Task goal
Should a line in the entries below contain "simp", return that line.

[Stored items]
- - - -

lemma integrable_poly_wgt:
  assumes "N > 0" "r \<ge> 0"
  shows "integrable lborel (\<lambda>x. poly p x * wgt \<nu> N r x)"
proof (rule Bochner_Integration.integrable_bound)
  show "integrable lborel (\<lambda>x. \<Sum>k\<le>degree p. \<bar>coeff p k\<bar> * (\<bar>x\<bar>^k * exp (- N * x^2 / 2)))"
    using assms by (intro Bochner_Integration.integrable_sum integrable_mult_right
        integrable_gaussian_moment)
  show "(\<lambda>x. poly p x * wgt \<nu> N r x) \<in> borel_measurable lborel"
    using continuous_on_wgt unfolding measurable_lborel2
    by (intro borel_measurable_continuous_onI continuous_intros)
  show "AE x in lborel. norm (poly p x * wgt \<nu> N r x)
      \<le> norm (\<Sum>k\<le>degree p. \<bar>coeff p k\<bar> * (\<bar>x\<bar>^k * exp (- N * x^2 / 2)))"
  proof (rule AE_I2)
    fix x
    have "\<bar>poly p x\<bar> \<le> (\<Sum>k\<le>degree p. \<bar>coeff p k\<bar> * \<bar>x\<bar>^k)"
      unfolding poly_altdef by (rule order_trans[OF sum_abs]) (simp add: abs_mult power_abs)
    moreover have "0 \<le> wgt \<nu> N r x" "wgt \<nu> N r x \<le> exp (- N * x^2 / 2)"
      using wgt_pos[of \<nu> N r x] wgt_le_gaussian[of N r \<nu> x] assms by auto
    ultimately have "\<bar>poly p x\<bar> * wgt \<nu> N r x
        \<le> (\<Sum>k\<le>degree p. \<bar>coeff p k\<bar> * \<bar>x\<bar>^k) * exp (- N * x^2 / 2)"
      by (intro mult_mono) auto
    then show "norm (poly p x * wgt \<nu> N r x)
        \<le> norm (\<Sum>k\<le>degree p. \<bar>coeff p k\<bar> * (\<bar>x\<bar>^k * exp (- N * x^2 / 2)))"
      using wgt_pos[of \<nu> N r x] by (simp add: abs_mult sum_distrib_right mult.assoc sum_nonneg)
  qed
qed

- - - -

Task answer
      unfolding poly_altdef by (rule order_trans[OF sum_abs]) (simp add: abs_mult power_abs)
      using wgt_pos[of \<nu> N r x] by (simp add: abs_mult sum_distrib_right mult.assoc sum_nonneg)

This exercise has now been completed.